Saya menilai pernyataan beliau adalah salah besar. Sebenarnya absennya karya ulama kita di maroko pada khususnya, adalah kesalahan dalam negeri dalam negri Maroko dan politik sum’ah (politik harga diri) kerajaan. Betapa tidak,mereka sendiri yang membutakan mata dan menolak segala yang berbau Timur.Mereka cenderung menutup diri dari dunia timur. Saya pernah ngobrol dengan guru sejarah kami dikampus Dr .Bouzidi , beliau mengungkapkan kegalauan dirinya terhadap kerajaan Maroko yang seakan menutup diri dari dunia timur. Kerajaan Maroko membuat Kasbah ,sebuah benteng besar yang menutupi dirinya dari peradaban islam timur. Terutama musuh bebuyutannya Saudi Arabia yang cenderung anti alawiyyin. ketertutupan ini meliputibanyak bidang,Mulai bidang keilmuan, arsitektur, system pemerintahan dan politik ,sampai keagamaan.
Contoh kongkrit dalam dunia keilmuan, mereka tidak mau mengimpor ilmu dan karya-karya ulama timur. Dalam bidang arsitektur tergambar jelas ,ini bisa dilihat langsung model bangunan bangunan masjid dimaroko yang khas. Dalam tataran keagamaan, mereka memiliki aliran teologi sendiri,mazhab sendiri ,lagu adzan sendiri,sampai memblokir alur impor buku-buku,kaset,beberapa website yang berkonten keagamaan dari wilayah timur.Saya sering kesulitan dalam research saya akibat ketertutupan ini,karenasya harus pergi ketimur hanya sebatas mencari buku-buku itu.Bahkan seorang teman saya yang kebetulan muadzin dan khotib disalah satu masjid besar di Tanger terpaksa dicopot jabatannya karena suatu hari adzan dengan melodi Masjid Nabawi.
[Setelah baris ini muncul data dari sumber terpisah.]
(* Let $\hat g\colon M_2\to\mathbb{R}$ be a real-valued function on the set $M_2=\{(x_1,x_2)\in(0,\infty)^2 : x_1\geq x_2\}$, and let $W\colon \mathrm{GL}^+(2)\to\mathbb{R}$ be given by $W(F)=\hat g(\lambda_{\max}(F),\lambda_{\min}(F))$, where $\lambda_{\max}(F)\geq\lambda_{\min}(F)$ are the singular values of $F$. Suppose $\hat g\in C^2(\operatorname{int} M_2)\cap C^1(M_2)$, and suppose $W$ is Legendre-Hadamard elliptic at each $F\in\mathrm{GL}^+(2)$ with simple singular values $\lambda_{\max}(F)\neq\lambda_{\min}(F)$. Then $W$ is rank-one convex on $\mathrm{GL}^+(2)$.
   Context: $\mathrm{GL}^+(n)$ denotes the group of real invertible $n\times n$ matrices with positive determinant. $\operatorname{int}M_2=\{(x_1,x_2)\in(0,\infty)^2: x_1>x_2\}$. $\hat g\in C^1(M_2)$ means that $\hat g$ is continuously differentiable on $M_2$ up to the boundary $\{(x,x):x>0\}$ relative to $(0,\infty)^2$, i.e. $\hat g$ is the restriction of a continuously differentiable function on $(0,\infty)^2$. A function $W\colon\mathrm{GL}^+(n)\to\mathbb{R}$ is rank-one convex if for all $F_1,F_2\in\mathrm{GL}^+(n)$ with $\operatorname{rank}(F_2-F_1)=1$ and all $t\in[0,1]$ one has $W((1-t)F_1+tF_2)\leq(1-t)W(F_1)+tW(F_2)$. $W$ is Legendre-Hadamard elliptic at $F$ if $W$ is twice differentiable at $F$ and $D^2W[F].(\xi\otimes\eta,\xi\otimes\eta)\geq0$ for all $\xi,\eta\in\mathbb{R}^n$. *)

theory Defs
  imports "HOL-Analysis.Analysis"
begin

type_synonym mat2 = "real^2^2"

definition GLp2 :: "mat2 set" where
  "GLp2 = {F. det F > 0}"

definition sing_vals :: "mat2 \<Rightarrow> real set" where
  "sing_vals F = {s. s \<ge> 0 \<and> (\<exists>v::real^2. v \<noteq> 0 \<and> (transpose F ** F) *v v = (s^2) *\<^sub>R v)}"

definition lam_max :: "mat2 \<Rightarrow> real" where
  "lam_max F = Max (sing_vals F)"

definition lam_min :: "mat2 \<Rightarrow> real" where
  "lam_min F = Min (sing_vals F)"

definition M2 :: "(real \<times> real) set" where
  "M2 = {(x1, x2). x1 > 0 \<and> x2 > 0 \<and> x1 \<ge> x2}"

definition intM2 :: "(real \<times> real) set" where
  "intM2 = {(x1, x2). x1 > 0 \<and> x2 > 0 \<and> x1 > x2}"

definition pos_quadrant :: "(real \<times> real) set" where
  "pos_quadrant = {(x1, x2). x1 > 0 \<and> x2 > 0}"

definition C1_on :: "('a::real_normed_vector \<Rightarrow> real) \<Rightarrow> 'a set \<Rightarrow> bool" where
  "C1_on f S \<longleftrightarrow> (\<exists>f' :: 'a \<Rightarrow> ('a \<Rightarrow>\<^sub>L real).
      (\<forall>x\<in>S. (f has_derivative blinfun_apply (f' x)) (at x)) \<and> continuous_on S f')"

definition C2_on :: "('a::real_normed_vector \<Rightarrow> real) \<Rightarrow> 'a set \<Rightarrow> bool" where
  "C2_on f S \<longleftrightarrow> (\<exists>(f' :: 'a \<Rightarrow> ('a \<Rightarrow>\<^sub>L real)) (f'' :: 'a \<Rightarrow> ('a \<Rightarrow>\<^sub>L ('a \<Rightarrow>\<^sub>L real))).
      (\<forall>x\<in>S. (f has_derivative blinfun_apply (f' x)) (at x)) \<and>
      (\<forall>x\<in>S. (f' has_derivative blinfun_apply (f'' x)) (at x)) \<and>
      continuous_on S f'')"

text \<open>g \<in> C^1(M_2): g is the restriction to M_2 of a C^1 function on (0,\<infinity>)^2.\<close>
definition C1_M2 :: "(real \<times> real \<Rightarrow> real) \<Rightarrow> bool" where
  "C1_M2 g \<longleftrightarrow> (\<exists>G. C1_on G pos_quadrant \<and> (\<forall>x\<in>M2. G x = g x))"

definition dyad :: "real^2 \<Rightarrow> real^2 \<Rightarrow> mat2" where
  "dyad \<xi> \<eta> = (\<chi> i j. \<xi>$i * \<eta>$j)"

definition LH_elliptic_at :: "(mat2 \<Rightarrow> real) \<Rightarrow> mat2 \<Rightarrow> bool" where
  "LH_elliptic_at W F \<longleftrightarrow> (\<exists>(W' :: mat2 \<Rightarrow> (mat2 \<Rightarrow>\<^sub>L real)) (W'' :: mat2 \<Rightarrow>\<^sub>L (mat2 \<Rightarrow>\<^sub>L real)).
      (\<forall>\<^sub>F G in at F. (W has_derivative blinfun_apply (W' G)) (at G)) \<and>
      (W has_derivative blinfun_apply (W' F)) (at F) \<and>
      (W' has_derivative blinfun_apply W'') (at F) \<and>
      (\<forall>\<xi> \<eta>. blinfun_apply (blinfun_apply W'' (dyad \<xi> \<eta>)) (dyad \<xi> \<eta>) \<ge> 0))"

definition rank_one_convex_on :: "(mat2 \<Rightarrow> real) \<Rightarrow> mat2 set \<Rightarrow> bool" where
  "rank_one_convex_on W S \<longleftrightarrow> (\<forall>F1\<in>S. \<forall>F2\<in>S. \<forall>t::real.
      rank (F2 - F1) = 1 \<and> 0 \<le> t \<and> t \<le> 1 \<longrightarrow>
      W ((1 - t) *\<^sub>R F1 + t *\<^sub>R F2) \<le> (1 - t) * W F1 + t * W F2)"

end

theory Submission
  imports Defs
begin

text \<open>Split \<open>F\<close> into a conformal and an anticonformal part of norms \<open>c\<close> and \<open>a\<close>. The singular
  values of \<open>F\<close> are \<open>(c + a)/2\<close> and \<open>|c - a|/2\<close>, and \<open>4 det F = c\<^sup>2 - a\<^sup>2\<close>; so on GL+(2)
  they coincide exactly where the anticonformal part vanishes, a two-dimensional linear subspace.
  Along a rank-one line \<open>s \<mapsto> A + s H\<close> the second derivative of \<open>W\<close> is
  \<open>D\<^sup>2W[A + s H](H, H) \<ge> 0\<close> wherever \<open>W\<close> is Legendre-Hadamard elliptic, so \<open>W\<close> is convex on
  every rank-one segment that stays in GL+(2) (automatic, as \<open>det\<close> is affine along rank-one
  lines) and avoids that subspace.  A rank-one \<open>H\<close> has a non-zero anticonformal part; shifting
  the segment by \<open>e E\<close>, where the anticonformal part of \<open>E\<close> is orthogonal to that of \<open>H\<close>, makes
  it avoid the subspace for all but one value of \<open>e\<close>.  Letting \<open>e \<rightarrow> 0\<close> and using the continuity
  of \<open>W\<close> on GL+(2) gives the rank-one convexity inequality.\<close>

section \<open>Singular values of 2x2 matrices\<close>

lemma det_eq_0_iff_nontrivial_kernel:
  fixes A :: "'a::field^'n^'n"
  shows "det A = 0 \<longleftrightarrow> (\<exists>x. x \<noteq> 0 \<and> A *v x = 0)"
  by (metis invertible_det_nz invertible_left_inverse matrix_left_invertible_ker)

lemma eigenvector_iff_det_eq_0:
  fixes A :: "real^'n^'n"
  shows "(\<exists>v. v \<noteq> 0 \<and> A *v v = \<mu> *\<^sub>R v) \<longleftrightarrow> det (A - mat \<mu>) = 0"
proof -
  have "mat \<mu> *v v = \<mu> *\<^sub>R v" for v :: "real^'n"
    by (auto simp: vec_eq_iff matrix_vector_mult_def mat_def if_distrib[of "\<lambda>x. x * _"] cong: if_cong)
  then show ?thesis
    unfolding det_eq_0_iff_nontrivial_kernel by (simp add: matrix_vector_mult_diff_rdistrib)
qed

text \<open>\<open>conf_part F = (c\<^sub>1, c\<^sub>2)\<close> and \<open>aconf_part F = (a\<^sub>1, a\<^sub>2)\<close> are the coordinates of the
  splitting \<open>2 F = [[c\<^sub>1, c\<^sub>2], [-c\<^sub>2, c\<^sub>1]] + [[a\<^sub>1, a\<^sub>2], [a\<^sub>2, -a\<^sub>1]]\<close> of \<open>F\<close> into a
  conformal and an anticonformal matrix.\<close>

definition conf_part :: "mat2 \<Rightarrow> real \<times> real" where
  "conf_part F = (F$1$1 + F$2$2, F$1$2 - F$2$1)"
Pantas saja, lha wong mereka sendiri yang tidak membaca ,tidak mau mencari, tidak pengen tahu,tidak mau berkenalan dengan dunia timur. Mana mungkin mereka tahu jejak-jejak ulama Indonesia yang sudah go Internasional itu . Mana mungkin cahaya mentari dari timur menelusup ke Maroko ,kalau tembok tinggi didepan rumah belum dirobohkan?. Dalam dunia pendidikan dikenal proverb: Al’ilmu yu’ta wala ya’ti, ilmu itu harus di datangi,dicari ,bukan otomatis datang sendiri.
Tetapi kritik beliau ini juga bisa menjadi motivasi bagi kita sebagai pelajar, Untuk terusmenggali , belajar, menyebarkan dan memperkenalkan peradaban teks yang go Internasional itu ke negri Maroko.Supaya hasil pemikiran ulama kita bisa meluas dan berkontribsi banyak terhadap dunia.